# Requirement
From the entries below, copy every line that holds the word "moments".
** Input data follows **
definition Gnd_nbhd :: "nat \<Rightarrow> nat \<Rightarrow> elt \<Rightarrow> nat list set \<Rightarrow> elt set" where
  "Gnd_nbhd n d x S = {Gnd_mult d x y | y. y \<in> Gnd0 n d \<and> (\<forall>v\<in>S. fst y v = id \<and> snd y v = v)}"

lemma openin_G_top:
  "openin (G_top d F F') W \<longleftrightarrow>
    W \<subseteq> G_grp d F F' \<and> (\<forall>g\<in>W. \<exists>S. finite S \<and> S \<subseteq> tree_V d \<and> G_nbhd d F g S \<subseteq> W)"
proof -
  have "istopology (\<lambda>W. W \<subseteq> G_grp d F F' \<and>
      (\<forall>g\<in>W. \<exists>S. finite S \<and> S \<subseteq> tree_V d \<and> G_nbhd d F g S \<subseteq> W))"
    by (rule istopology_nbhd_basis) (auto simp: G_nbhd_def)
  then show ?thesis unfolding G_top_def G_nbhd_def[abs_def] by simp
qed

lemma openin_Gnd_top:
  "openin (Gnd_top n d) W \<longleftrightarrow>
    W \<subseteq> Gnd n d \<and> (\<forall>x\<in>W. \<exists>S. finite S \<and> S \<subseteq> tree_V d \<and> Gnd_nbhd n d x S \<subseteq> W)"
proof -
  have "istopology (\<lambda>W. W \<subseteq> Gnd n d \<and>
      (\<forall>x\<in>W. \<exists>S. finite S \<and> S \<subseteq> tree_V d \<and> Gnd_nbhd n d x S \<subseteq> W))"
    by (rule istopology_nbhd_basis) (auto simp: Gnd_nbhd_def)
  then show ?thesis unfolding Gnd_top_def Gnd_nbhd_def[abs_def] by simp
qed

lemma Gnd_nbhd_subset: "x \<in> Gnd n d \<Longrightarrow> Gnd_nbhd n d x S \<subseteq> Gnd n d"
  unfolding Gnd_nbhd_def Gnd0_iff using Gnd_mult_closed by blast
section \<open>The collapse constant\<close>

lemma le_by_derivative_sign_pattern:
  fixes f g :: "real \<Rightarrow> real"
  assumes deriv: "\<And>x. (f has_real_derivative - g x * ((x - m) * (x - r))) (at x)"
    and "\<And>x. g x \<ge> 0" and "0 \<le> m" and "m \<le> r" and "f 0 \<le> B" and "f r \<le> B" and "0 \<le> s"
  shows "f s \<le> B"
proof -
  have decreasing: "f b \<le> f a" if "a \<le> b" and "\<And>x. a \<le> x \<Longrightarrow> x \<le> b \<Longrightarrow> (x - m) * (x - r) \<ge> 0" for a b
    using that(1)
  proof (rule DERIV_nonpos_imp_nonincreasing)
    fix x assume "a \<le> x" "x \<le> b"
    have "g x * ((x - m) * (x - r)) \<ge> 0"
      using assms(2)[of x] that(2)[OF \<open>a \<le> x\<close> \<open>x \<le> b\<close>] by (rule mult_nonneg_nonneg)
    then show "\<exists>y. DERIV f x :> y \<and> y \<le> 0"
      using deriv[of x] by (intro exI[of _ "- g x * ((x - m) * (x - r))"]) simp
  qed
  consider "s \<le> m" | "m \<le> s" "s \<le> r" | "r \<le> s" by linarith
  then show ?thesis
  proof cases
    case 1
    have "f s \<le> f 0"
      by (rule decreasing) (use 1 assms(4,7) in \<open>auto intro: mult_nonpos_nonpos\<close>)
    then show ?thesis using assms(5) by linarith
  next
    case 2
    have "f s \<le> f r"
    proof (rule DERIV_nonneg_imp_nondecreasing[OF 2(2)])
      fix x assume "s \<le> x" "x \<le> r"
      then have "(x - m) * (x - r) \<le> 0"
        using 2 by (intro mult_nonneg_nonpos) auto
      with assms(2)[of x] have "g x * ((x - m) * (x - r)) \<le> 0"
        by (rule mult_nonneg_nonpos)
      then show "\<exists>y. DERIV f x :> y \<and> y \<ge> 0"
        using deriv[of x] by (intro exI[of _ "- g x * ((x - m) * (x - r))"]) simp
    qed
    then show ?thesis using assms(6) by linarith
  next
    case 3
    have "f s \<le> f r"
      by (rule decreasing) (use 3 assms(3,4) in auto)
    then show ?thesis using assms(6) by linarith
  qed
qed

lemma exp_neg_double_eq_one_minus_root: "\<exists>r::real. 1/2 \<le> r \<and> r < 1 \<and> exp (- 2 * r) = 1 - r"
proof -
  let ?f = "\<lambda>r::real. exp (- 2 * r) - (1 - r)"
  have "?f (1/2) \<le> 0"
  proof -
    have "2 \<le> exp (1::real)"
      using exp_ge_add_one_self[of 1] by simp
    then have "exp (- 2 * (1/2::real)) \<le> 1/2"
      by (simp add: exp_minus le_imp_inverse_le[of 2 "exp 1", simplified])
    then show ?thesis by simp
  qed
  moreover have "0 \<le> ?f (9/10)"
  proof -
    have "exp (9/5::real) \<le> exp 1 * exp 1"
      by (simp flip: exp_add)
    also have "\<dots> \<le> 3 * 3"
      using exp_le by (intro mult_mono) auto
    finally have "1/10 \<le> exp (- 2 * (9/10::real))"
      by (simp add: exp_minus field_simps)
    then show ?thesis by simp
  qed
  moreover have "continuous_on {1/2..9/10} ?f"
    by (intro continuous_intros)
  ultimately obtain r where "1/2 \<le> r" "r \<le> 9/10" "?f r = 0"
    using IVT'[of ?f "1/2" 0 "9/10"] by auto
  then show ?thesis by auto
qed

lemma square_le_exp_double_minus_one:
  fixes r s :: real
  assumes "1/2 \<le> r" and "r < 1" and root: "exp (- 2 * r) = 1 - r" and "0 \<le> s"
  shows "s^2 \<le> r * (1 - r) * (exp (2 * s) - 1)"
proof -
  define M where "M = r * (1 - r)"
  have "M > 0" using assms(1,2) by (simp add: M_def)
  define \<Phi> where "\<Phi> x = exp (- 2 * x) * (1 + x^2 / M)" for x :: real
  have "(\<Phi> has_real_derivative - (2 / M * exp (- 2 * x)) * ((x - (1 - r)) * (x - r))) (at x)" for x
  proof -
    have "(\<Phi> has_real_derivative exp (- 2 * x) * (- 2) * (1 + x^2 / M) + exp (- 2 * x) * (2 * x / M)) (at x)"
      unfolding \<Phi>_def using \<open>M > 0\<close> by (auto intro!: derivative_eq_intros simp: power2_eq_square)
    moreover have "(x - (1 - r)) * (x - r) = x^2 - x + M"
      by (simp add: M_def algebra_simps power2_eq_square)
    moreover have "E * (- 2) * (1 + x^2 / M) + E * (2 * x / M) = - (2 / M * E) * (x^2 - x + M)" for E
      using \<open>M > 0\<close> by (simp add: field_simps power2_eq_square)
    ultimately show ?thesis
      by metis
  qed
  moreover have "2 / M * exp (- 2 * x) \<ge> 0" for x
    using \<open>M > 0\<close> by simp
  moreover have "0 \<le> 1 - r" "1 - r \<le> r"
    using assms(1,2) by simp_all
  moreover have "\<Phi> 0 \<le> 1" "\<Phi> r \<le> 1"
    unfolding \<Phi>_def root using assms(1,2) by (simp_all add: M_def field_simps power2_eq_square)
  ultimately have "\<Phi> s \<le> 1"
    using assms(4) by (rule le_by_derivative_sign_pattern)
  moreover have "\<Phi> s = (1 + s^2 / M) / exp (2 * s)"
    by (simp add: \<Phi>_def exp_minus divide_inverse mult.commute)
  ultimately have "1 + s^2 / M \<le> exp (2 * s)"
    by (simp add: pos_divide_le_eq)
  then have "s^2 / M \<le> exp (2 * s) - 1"
    by simp
  then show ?thesis
    using \<open>M > 0\<close> by (simp add: M_def pos_divide_le_eq mult.commute)
qed
lemma Lop_vanishes_on_closure:
  assumes "\<forall>x\<in>{0<..<1}. Lop W s u x = 0"
  shows "\<forall>x\<in>{0..1}. Lop W s u x = 0"
proof -
  have cont: "continuous_on {0..1} (dnth n u)" for n
    using dnth_deriv
    by (metis continuous_on_eq_continuous_within differentiableI_vector differentiable_imp_continuous_within)
  have "continuous_on {0..1} (\<lambda>x. of_real (x\<^sup>2) * dnth 2 u x + of_real (2 * x) * dnth 1 u x
                                   + s * dnth 1 u x - poly W (of_real x) * u x)"
    using cont[of 0] by (intro continuous_intros cont) simp
  then have "continuous_on {0..1} (Lop W s u)"
    by (rule continuous_on_eq) (simp add: Lop_expand)
  then show ?thesis
    using continuous_constant_on_closure[of "{0<..<1}" "Lop W s u" 0] assms by simp
qed

end

lemma powser_reflect_in_Xsp:
  fixes c :: "nat \<Rightarrow> complex"
  assumes "\<sigma> > 0" and "a > 0" and "\<sigma> < a\<^sup>2" and "c 0 = 0"
    and decay: "\<And>m. m > 0 \<Longrightarrow> norm (c m) \<le> C * exp (-2 * a * sqrt (real m))"
    and u_eq: "\<And>x. x \<in> {0..1} \<Longrightarrow> u x = powser c (of_real (1 - x))"
  shows "u \<in> Xsp \<sigma>"
proof -
  define b where "b n = (\<Sum>m. real m ^ Suc n * norm (c m))" for n
  note moments = summable_moment_exp_sqrt_decay[OF assms(2,4) decay]
  have dnth1: "dnth n (dnth 1 u) = dnth (Suc n) u" for n
    by (induction n) auto
  have b_bound: "\<And>n x. x \<in> {0..1} \<Longrightarrow> cmod (dnth n (dnth 1 u) x) \<le> b n"
    unfolding dnth1 b_def using norm_dnth_powser_reflect_le[OF moments u_eq] by blast
  have "b n \<le> C * (\<Sum>m. 1 / real m ^ 2) * ((fact (n + 3))\<^sup>2 / a ^ (2 * (n + 3)))" for n
    using suminf_moment_exp_sqrt_decay_le[OF assms(2,4) decay, of "Suc n"]
    unfolding b_def by (simp only: add_Suc_shift numeral_3_eq_3 numeral_2_eq_2)
  moreover have "0 \<le> b n" for n
    unfolding b_def by (intro suminf_nonneg moments) auto
  ultimately have weighted:
    "summable (\<lambda>n. \<sigma> ^ (2 * n) * (real n + 1)\<^sup>2 * (b n)\<^sup>2 / ((fact n)\<^sup>2 * (fact (n + 1))\<^sup>2))"
    using summable_weighted_factorial_bounds[OF assms(1-3)] by blast
  have "smooth01 u"
    unfolding smooth01_def
    using dnth_powser_reflect_has_vector_derivative[OF moments u_eq] differentiableI_vector by blast
  moreover have "u 1 = 0"
    using u_eq[of 1] \<open>c 0 = 0\<close> by (simp add: powser_def)
  ultimately show ?thesis
    unfolding Xsp_def
    using sn_fin_of_dnth_bounds[OF assms(1) b_bound weighted]
      bd_fin_of_dnth_bounds[OF assms(1) b_bound weighted]
    by simp
qed
lemma rigid_fixes_G:
  assumes r: "admissible eps (G r)"
  shows "\<sigma> (bvec (G r)) = bvec (G r)"
proof -
  define d where "d s = \<sigma> (bvec (G s)) (G s)" for s
  have d_mult: "d s * d s' = 1" if "admissible eps (G s)" "admissible eps (G s')" "s + s' \<noteq> 0" for s s'
    using map_G_coeff_mult[OF rigid_fixes_L0 eps_cases that] rigid_fixes_L[of "s + s'"]
      Ints_sum_of_admissible_G[OF eps_cases] that by (simp add: d_def bvec_def)
  have d_eps: "d eps = 1" using rigid_coeffs(3) by (simp add: d_def)
  have "d r = 1"
  proof (cases "r = - eps")
    case False
    then show ?thesis using d_mult[OF r, of eps] d_eps by simp
  next
    case True
    have "d (eps + 1) = 1" using d_mult[of "eps + 1" eps] d_eps eps_cases by auto
    then show ?thesis using d_mult[OF r, of "eps + 1"] True by simp
  qed
  moreover obtain dr where "\<sigma> (bvec (G r)) = (\<lambda>w. dr * bvec (G r) w)"
    using map_bvec_G_diag[OF rigid_fixes_L0 r] .
  ultimately show ?thesis by (auto simp: d_def bvec_def)
qed
lemma exp_le_no_clone_prob:
  assumes "0 \<le> q" "q \<le> 1/2" "1 \<le> N"
  shows "exp (- q * ln (real N + 1) - q - 4 * q\<^sup>2) \<le> no_clone_prob q N"
proof -
  have "(\<Prod>m=1..N. exp (- (q / real m) - 2 * (q / real m)\<^sup>2)) \<le> no_clone_prob q N"
    unfolding no_clone_prob_def
  proof (intro prod_mono conjI)
    fix m
    assume "m \<in> {1..N}"
    then have t: "0 \<le> q / real m" "q / real m \<le> 1/2"
      using assms by (auto simp: field_simps)
    then have "1 - q / real m > 0" by linarith
    with ln_one_minus_pos_lower_bound[OF t]
    show "exp (- (q / real m) - 2 * (q / real m)\<^sup>2) \<le> 1 - q / real m"
      by (metis exp_le_cancel_iff exp_ln)
  qed simp
  also have "(\<Prod>m=1..N. exp (- (q / real m) - 2 * (q / real m)\<^sup>2))
      = exp (- q * harm N - 2 * q\<^sup>2 * (\<Sum>m=1..N. 1 / (real m)\<^sup>2))"
    by (simp add: exp_sum[symmetric] harm_def sum_negf sum_distrib_left divide_inverse sum_subtractf
        power_divide power_mult_distrib algebra_simps power_inverse)
  finally have lower: "exp (- q * harm N - 2 * q\<^sup>2 * (\<Sum>m=1..N. 1 / (real m)\<^sup>2)) \<le> no_clone_prob q N" .
  have harm: "q * harm N \<le> q * (ln (real N + 1) + 1)"
    using harm_le_ln_plus_1[OF assms(3)] assms by (intro mult_left_mono) auto
  have "0 \<le> 1 / real N"
    by simp
  then have "(\<Sum>m=1..N. 1 / (real m)\<^sup>2) \<le> 2"
    using sum_inverse_squares_le[OF assms(3)] by linarith
  then have "2 * q\<^sup>2 * (\<Sum>m=1..N. 1 / (real m)\<^sup>2) \<le> 2 * q\<^sup>2 * 2"
    by (intro mult_left_mono) auto
  with harm have "- q * ln (real N + 1) - q - 4 * q\<^sup>2 \<le> - q * harm N - 2 * q\<^sup>2 * (\<Sum>m=1..N. 1 / (real m)\<^sup>2)"
    by (simp add: algebra_simps)
  then show ?thesis
    using lower by (meson exp_le_cancel_iff order.trans)
qed

lemma eventually_le_half: "(f :: nat \<Rightarrow> real) \<longlonglongrightarrow> 0 \<Longrightarrow> eventually (\<lambda>n. f n \<le> 1/2) sequentially"
  by (drule order_tendstoD(2)[of _ _ _ "1/2"]) (auto elim: eventually_mono)

lemma no_clone_prob_asymp:
  fixes q :: "nat \<Rightarrow> real"
  assumes q0: "\<And>n. 0 \<le> q n" and q_lim: "q \<longlonglongrightarrow> 0"
  shows "(\<lambda>n. exp (q n * ln (real n)) * no_clone_prob (q n) (n - 1)) \<longlonglongrightarrow> 1"
proof (rule tendsto_sandwich[where f = "\<lambda>n. exp (- q n - 4 * (q n)\<^sup>2)" and h = "\<lambda>_. 1"])
  have ev: "eventually (\<lambda>n. q n \<le> 1/2 \<and> 2 \<le> n) sequentially"
    using eventually_le_half[OF q_lim] eventually_ge_at_top[of 2] by eventually_elim simp
  have n_minus_1: "real (n - 1) + 1 = real n" if "2 \<le> n" for n
    using that by simp
  show "eventually (\<lambda>n. exp (- q n - 4 * (q n)\<^sup>2)
      \<le> exp (q n * ln (real n)) * no_clone_prob (q n) (n - 1)) sequentially"
    using ev
  proof eventually_elim
    case (elim n)
    have "exp (- q n - 4 * (q n)\<^sup>2) = exp (q n * ln (real n)) * exp (- q n * ln (real n) - q n - 4 * (q n)\<^sup>2)"
      by (simp add: exp_add[symmetric])
    also have "\<dots> \<le> exp (q n * ln (real n)) * no_clone_prob (q n) (n - 1)"
      using exp_le_no_clone_prob[of "q n" "n - 1"] elim q0[of n] n_minus_1[of n]
      by (intro mult_left_mono) auto
    finally show ?case .
  qed
  show "eventually (\<lambda>n. exp (q n * ln (real n)) * no_clone_prob (q n) (n - 1) \<le> 1) sequentially"
    using ev
  proof eventually_elim
    case (elim n)
    have "exp (q n * ln (real n)) * no_clone_prob (q n) (n - 1)
        \<le> exp (q n * ln (real n)) * exp (- q n * ln (real n))"
      using no_clone_prob_le_exp[of "q n" "n - 1"] elim q0[of n] n_minus_1[of n]
      by (intro mult_left_mono) auto
    also have "\<dots> = 1"
      by (simp add: exp_add[symmetric])
    finally show ?case .
  qed
  have "(\<lambda>n. exp (- q n - 4 * (q n)\<^sup>2)) \<longlonglongrightarrow> exp (- 0 - 4 * 0\<^sup>2)"
    by (intro tendsto_intros q_lim)
  then show "(\<lambda>n. exp (- q n - 4 * (q n)\<^sup>2)) \<longlonglongrightarrow> 1"
    by simp
qed simp
definition graded_module ::
  "('k::field \<Rightarrow> 'r::comm_ring_1) \<Rightarrow> ('a \<Rightarrow> 'r set) \<Rightarrow> ('r \<Rightarrow> 'n::ab_group_add \<Rightarrow> 'n)
     \<Rightarrow> ('a \<Rightarrow> 'b \<Rightarrow> 'b) \<Rightarrow> ('b \<Rightarrow> 'n set) \<Rightarrow> bool" where
  "graded_module \<phi> Rg sm act Ng \<longleftrightarrow> direct_sum_decomp Ng \<and>
     (\<forall>b c x. x \<in> Ng b \<longrightarrow> sm (\<phi> c) x \<in> Ng b) \<and>
     (\<forall>a b r x. r \<in> Rg a \<longrightarrow> x \<in> Ng b \<longrightarrow> sm r x \<in> Ng (act a b))"

definition refines ::
  "('a \<Rightarrow> 'b::order \<Rightarrow> 'b) \<Rightarrow> ('a \<Rightarrow> 'c::order \<Rightarrow> 'c) \<Rightarrow> ('b \<Rightarrow> 'n::ab_group_add set)
     \<Rightarrow> ('c \<Rightarrow> 'n set) \<Rightarrow> bool" where
  "refines act act' Ng Ng' \<longleftrightarrow> (\<exists>g :: 'c \<Rightarrow> 'b. mono g \<and>
     (\<forall>a c. g (act' a c) = act a (g c)) \<and>
     (\<forall>b. Ng b = {x. \<exists>S f. finite S \<and> S \<subseteq> g -` {b} \<and> (\<forall>c\<in>S. f c \<in> Ng' c) \<and> x = sum f S}))"

definition graded_submodule :: "('b \<Rightarrow> 'n::ab_group_add set) \<Rightarrow> 'n set \<Rightarrow> bool" where
  "graded_submodule Ng M \<longleftrightarrow>
     (\<forall>m\<in>M. \<exists>S f. finite S \<and> (\<forall>b\<in>S. f b \<in> M \<inter> Ng b) \<and> m = sum f S)"

definition macaulay_basis ::
  "('r::comm_ring_1 \<Rightarrow> 'n::ab_group_add \<Rightarrow> 'n) \<Rightarrow> ('c::linorder \<Rightarrow> 'n set) \<Rightarrow> 'n set \<Rightarrow> 'n set \<Rightarrow> bool" where
  "macaulay_basis sm Ng' M X \<longleftrightarrow> finite X \<and> X \<subseteq> M - {0} \<and>
     gen_submodule sm {lf Ng' p | p. p \<in> M \<and> p \<noteq> 0} = gen_submodule sm (lf Ng' ` X)"

definition kspan :: "('k::field \<Rightarrow> 'r::comm_ring_1) \<Rightarrow> ('r \<Rightarrow> 'n::ab_group_add \<Rightarrow> 'n) \<Rightarrow> 'n set \<Rightarrow> 'n set" where
  "kspan \<phi> sm S = {v. \<exists>F c. finite F \<and> F \<subseteq> S \<and> v = (\<Sum>w\<in>F. sm (\<phi> (c w)) w)}"

definition Wset ::
  "('k::field \<Rightarrow> 'r::comm_ring_1) \<Rightarrow> ('a \<Rightarrow> 'r set) \<Rightarrow> ('r \<Rightarrow> 'n::ab_group_add \<Rightarrow> 'n)
     \<Rightarrow> ('c::linorder \<Rightarrow> 'n set) \<Rightarrow> 'n set \<Rightarrow> 'c \<Rightarrow> 'n set" where
  "Wset \<phi> Rg sm Ng' X c = kspan \<phi> sm
     {sm r (lf Ng' x) | r x. x \<in> X \<and> homogeneous Rg r \<and> sm r (lf Ng' x) \<in> Ng' c}"

definition reduces ::
  "('k::field \<Rightarrow> 'r::comm_ring_1) \<Rightarrow> ('a \<Rightarrow> 'r set) \<Rightarrow> ('r \<Rightarrow> 'n::ab_group_add \<Rightarrow> 'n)
     \<Rightarrow> ('c::linorder \<Rightarrow> 'n set) \<Rightarrow> 'n set \<Rightarrow> 'n \<Rightarrow> 'n \<Rightarrow> bool" where
  "reduces \<phi> Rg sm Ng' X m m' \<longleftrightarrow>
     (let D = {c. comp Ng' c m \<noteq> 0 \<and> comp Ng' c m \<in> Wset \<phi> Rg sm Ng' X c} in
      \<exists>c. c \<in> D \<and> (\<forall>d\<in>D. d \<le> c) \<and>
        (\<exists>ps :: ('r \<times> 'n) list.
           (\<forall>(r, x) \<in> set ps. x \<in> X \<and> homogeneous Rg r \<and> sm r (lf Ng' x) \<in> Ng' c) \<and>
           comp Ng' c m = sum_list (map (\<lambda>(r, x). sm r (lf Ng' x)) ps) \<and>
           m' = m - sum_list (map (\<lambda>(r, x). sm r x) ps)))"

definition reduced_macaulay_basis ::
  "('k::field \<Rightarrow> 'r::comm_ring_1) \<Rightarrow> ('a \<Rightarrow> 'r set) \<Rightarrow> ('r \<Rightarrow> 'n::ab_group_add \<Rightarrow> 'n)
     \<Rightarrow> ('c::linorder \<Rightarrow> 'n set) \<Rightarrow> 'n set \<Rightarrow> 'n set \<Rightarrow> bool" where
  "reduced_macaulay_basis \<phi> Rg sm Ng' M X \<longleftrightarrow> macaulay_basis sm Ng' M X \<and>
     (\<forall>x\<in>X. \<not> (\<exists>m'. reduces \<phi> Rg sm Ng' (X - {x}) x m'))"

end

theory Submission
  imports Defs
begin

text \<open>Let g be the map from B' to B witnessing the refinement and suppose some x in X is not
  B-homogeneous. Some B-component p of x has B-degree smaller than g (deg' x); since M is graded,
  p lies in M, and its B'-leading form is a B'-component of x. As X is a Macaulay basis, lf' p
  lies in the submodule generated by the leading forms of X. The elements whose B'-components
  in all degrees c with g c < g (deg' x) lie in W(X - {x}) form a submodule containing all these
  leading forms (lf' x has no component there). Hence the component of x in degree deg' p lies
  in W(X - {x}), so x reduces modulo X - {x}, contradicting reducedness.\<close>

lemma direct_sum_decomp_ex1:
  "direct_sum_decomp D \<Longrightarrow> \<exists>!f. finite {j. f j \<noteq> 0} \<and> (\<forall>j. f j \<in> D j) \<and> sum f {j. f j \<noteq> 0} = x"
  unfolding direct_sum_decomp_def by blast

lemma direct_sum_decomp_zero: "direct_sum_decomp D \<Longrightarrow> 0 \<in> D i"
  unfolding direct_sum_decomp_def by blast

lemma direct_sum_decomp_add: "direct_sum_decomp D \<Longrightarrow> x \<in> D i \<Longrightarrow> y \<in> D i \<Longrightarrow> x + y \<in> D i"
  unfolding direct_sum_decomp_def by blast

lemma comp_unique:
  assumes "direct_sum_decomp D" "finite {j. f j \<noteq> 0}" "\<forall>j. f j \<in> D j" "sum f {j. f j \<noteq> 0} = x"
  shows "comp D i x = f i"
  unfolding comp_def
  by (subst the1_equality[OF direct_sum_decomp_ex1[OF assms(1)]]) (use assms in auto)

lemma
  assumes "direct_sum_decomp D"
  shows finite_comp_support: "finite {i. comp D i x \<noteq> 0}"
    and comp_in: "comp D i x \<in> D i"
    and sum_comp: "(\<Sum>i\<in>{i. comp D i x \<noteq> 0}. comp D i x) = x"
proof -
  let ?P = "\<lambda>f. finite {j. f j \<noteq> 0} \<and> (\<forall>j. f j \<in> D j) \<and> sum f {j. f j \<noteq> 0} = x"
  have "?P (\<lambda>i. comp D i x)"
    unfolding comp_def by (rule theI'[OF direct_sum_decomp_ex1[OF assms]])
  then show "finite {i. comp D i x \<noteq> 0}" "comp D i x \<in> D i"
    "(\<Sum>i\<in>{i. comp D i x \<noteq> 0}. comp D i x) = x" by blast+
qed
** End of Input data **
# Exercise response
  note moments = summable_moment_exp_sqrt_decay[OF assms(2,4) decay]
    unfolding dnth1 b_def using norm_dnth_powser_reflect_le[OF moments u_eq] by blast
    unfolding b_def by (intro suminf_nonneg moments) auto
    using dnth_powser_reflect_has_vector_derivative[OF moments u_eq] differentiableI_vector by blast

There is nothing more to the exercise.